Она была странная натура — необычайно разговорчивая, ее считали болтливой, и в детстве папа звал ее сорокой, одновременно ее отличала ужасная скрытность, ведь ни разу в жизни она ни с кем из близких не говорила о том, что происходит у нее на сердце. Все три замужества ее были разумны, она выходила за людей старше себя, за людей обеспеченных, очень образованных, с положением в жизни. Но была ли она счастлива со своими мужьями? Они были людьми разными, но все они не пили, не курили, не ходили в гости и в театры, были бережливы, и все они, как и Ксения Александровна, любили красивые, изящные вещи. Может быть, они поэтому и влюблялись в Ксению Александровну — она ведь была очень красива и, даже растолстев и поседев, сохранила очарование. Ее изящная седая голова так гармонировала с красивыми предметами, окружавшими ее.

— Ксенюшка, Ксеня, почему ты плачешь...

И так странно среди фарфора, хрусталя выглядели аптечные склянки, надломленные пантопонные ампулы, рваная марля, клочья ваты и жалкие дешевенькие бусы на груди Ксении Александровны.

И умирая Ксения Александровна не нарушила свою скрытность — сестра не знала, почему слезы текут по ее щекам, почему надела она перед смертью эти жалкие, стеклянные бусы... Плакала ли она в свой смертный час о том, что прожила жизнь без счастья? Или она плакала от боли, так стонет, скрипит, льет сок и смолу и слезы сломанное, падающее дерево?

Об этом никто не узнал.

В четыре часа десять минут она перестала дышать. Робко, едва-едва заметно на измученном лице из бездны страдания всплыла улыбка. Впервые за много недель на лице мученицы появилось выражение покоя. Смерть осушила ее слезы. Не стало в ее душе сожалений и страданий. Не стало ее души. Не стало ее разума. Не стало ее памяти о прошлом. Не стало страха перед будущим и надежды на будущее. Наступила тишина, отсутствие тепла, холода...

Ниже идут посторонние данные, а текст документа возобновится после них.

lemma integral_prod_fixed_counts:
  "(\<integral>\<omega>. (\<Prod>\<sigma>\<in>S. indicator {\<omega> \<in> space M. N \<sigma> \<omega> = n \<sigma>} \<omega> * (\<Prod>r\<in>{1..n \<sigma>}. Y \<sigma> r \<omega>)) \<partial>M)
     = (\<Prod>\<sigma>\<in>S. prob {\<omega> \<in> space M. N \<sigma> \<omega> = n \<sigma>} * c \<sigma> ^ n \<sigma>)"
proof -
  define J where "J = Inl ` S \<union> Inr ` Sigma S (\<lambda>\<sigma>. {1..n \<sigma>})"
  define F where "F = case_sum (\<lambda>\<sigma>. indicator {\<omega> \<in> space M. N \<sigma> \<omega> = n \<sigma>}) (\<lambda>(\<sigma>, r). Y \<sigma> r)"
  have "(\<integral>\<omega>. (\<Prod>j\<in>J. F j \<omega>) \<partial>M) = (\<Prod>j\<in>J. \<integral>\<omega>. F j \<omega> \<partial>M)"
  proof (rule integral_prod_indep_sets[OF indep])
    show "finite J" "J \<subseteq> Inl ` S \<union> Inr ` (S \<times> {1..})"
      using finite_S by (auto simp: J_def)
    show "integrable M (F j)" if "j \<in> J" for j
      using that N_events Y_integrable
      by (auto simp: J_def F_def less_top[symmetric])
    show "F j -` B \<inter> space M \<in> G j" if "j \<in> J" "B \<in> sets borel" for j B
    proof (cases j)
      case (Inl \<sigma>)
      have "\<sigma> \<in> S"
        using that by (auto simp: J_def Inl)
      have vimage_eq: "F (Inl \<sigma>) -` B \<inter> space M = N \<sigma> -` {m. (if m = n \<sigma> then 1 else 0) \<in> B} \<inter> space M"
        by (auto simp: F_def indicator_def)
      show ?thesis
        unfolding Inl vimage_eq by (rule N_vimage[OF \<open>\<sigma> \<in> S\<close>])
    qed (use that Y_vimage in \<open>auto simp: J_def F_def\<close>)
  qed
  then show ?thesis
    using finite_S N_events
    by (simp add: J_def F_def prod_Inl_Inr_Sigma Y_expectation prod.distrib)
qed

lemma integral_prod_truncated:
  "(\<integral>\<omega>. (\<Prod>\<sigma>\<in>S. if N \<sigma> \<omega> < K then \<Prod>r\<in>{1..N \<sigma> \<omega>}. Y \<sigma> r \<omega> else 0) \<partial>M)
     = (\<Prod>\<sigma>\<in>S. \<Sum>m<K. prob {\<omega> \<in> space M. N \<sigma> \<omega> = m} * c \<sigma> ^ m)"
proof -
  define H where "H n \<omega> = (\<Prod>\<sigma>\<in>S. indicator {\<omega> \<in> space M. N \<sigma> \<omega> = n \<sigma>} \<omega> * (\<Prod>r\<in>{1..n \<sigma>}. Y \<sigma> r \<omega>))"
    for n \<omega>
  have H_integrable: "integrable M (H n)" for n
  proof (rule integrable_const_bound[where B=1])
    show "H n \<in> borel_measurable M"
      unfolding H_def using N_events
      by (intro borel_measurable_prod borel_measurable_times partial_product_measurable) auto
    show "AE \<omega> in M. norm (H n \<omega>) \<le> 1"
      unfolding H_def abs_prod real_norm_def using partial_product_bounded
      by (intro AE_I2 prod_le_1) (auto simp: abs_mult indicator_def)
  qed
  have "(\<Prod>\<sigma>\<in>S. if N \<sigma> \<omega> < K then \<Prod>r\<in>{1..N \<sigma> \<omega>}. Y \<sigma> r \<omega> else 0)
      = (\<Sum>n\<in>PiE S (\<lambda>_. {..<K}). H n \<omega>)" if "\<omega> \<in> space M" for \<omega>
  proof -
    have "(\<Prod>\<sigma>\<in>S. if N \<sigma> \<omega> < K then \<Prod>r\<in>{1..N \<sigma> \<omega>}. Y \<sigma> r \<omega> else 0)
        = (\<Prod>\<sigma>\<in>S. \<Sum>m<K. indicator {\<omega> \<in> space M. N \<sigma> \<omega> = m} \<omega> * (\<Prod>r\<in>{1..m}. Y \<sigma> r \<omega>))"
      using that by (simp only: sum_indicator_level_sets)
    also have "\<dots> = (\<Sum>n\<in>PiE S (\<lambda>_. {..<K}). H n \<omega>)"
      unfolding H_def using finite_S by (rule prod_sum_PiE) simp
    finally show ?thesis .
  qed
  then have "(\<integral>\<omega>. (\<Prod>\<sigma>\<in>S. if N \<sigma> \<omega> < K then \<Prod>r\<in>{1..N \<sigma> \<omega>}. Y \<sigma> r \<omega> else 0) \<partial>M)
      = (\<integral>\<omega>. (\<Sum>n\<in>PiE S (\<lambda>_. {..<K}). H n \<omega>) \<partial>M)"
    by (intro Bochner_Integration.integral_cong) auto
  also have "\<dots> = (\<Sum>n\<in>PiE S (\<lambda>_. {..<K}). \<integral>\<omega>. H n \<omega> \<partial>M)"
    using H_integrable by (rule Bochner_Integration.integral_sum)
  also have "\<dots> = (\<Sum>n\<in>PiE S (\<lambda>_. {..<K}). \<Prod>\<sigma>\<in>S. prob {\<omega> \<in> space M. N \<sigma> \<omega> = n \<sigma>} * c \<sigma> ^ n \<sigma>)"
    unfolding H_def integral_prod_fixed_counts ..
  also have "\<dots> = (\<Prod>\<sigma>\<in>S. \<Sum>m<K. prob {\<omega> \<in> space M. N \<sigma> \<omega> = m} * c \<sigma> ^ m)"
    using finite_S by (simp add: prod_sum_PiE)
  finally show ?thesis .
qed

Так поразительно, так странно, — ведь самое маленькое, крошечное событие связано с действием. Божья коровка всползла на травинку, травинка вздрогнула, качнулась. Листочек зашевелился, подул крошечный ветерок, камушек упал на землю, и человек оглянулся: «А, камушек упал на землю». Но в тишине совершается огромное событие смерти, — рушится необъятная вселенная, обваливается небесный свод, рассыпаются горы, расторгается земля, и ни ветерка, ни шороха. Так странно: сотни высоких парусов при дивном безветрии упруго наполнились, и жизнь ушла, растворилась в просторе океана, и нет на соленой воде следа ее, и нет ветерка, и в то же время кричат птицы, галдят дети, стучит маятник, бежит секундная стрелка, мухи жужжат на стекле, и вот дребезжит стекло, подрагивают стены: под землей тяжело мчится поезд метро...

И все, все как прежде — и кольцо с изумрудом возле золотых часиков, и бедные бусы на груди мертвой старухи.

Варвара Александровна не заплакала, вглядывалась в затаившую дыхание сестру. Дочь и племянница молча глядели на Варвару Александровну... О чем думала она, что чувствовала, глядя на переставшую дышать седую старуху, которую так ясно, точно это было вчера, помнила девочкой? .. Смерть огромна, как жизнь.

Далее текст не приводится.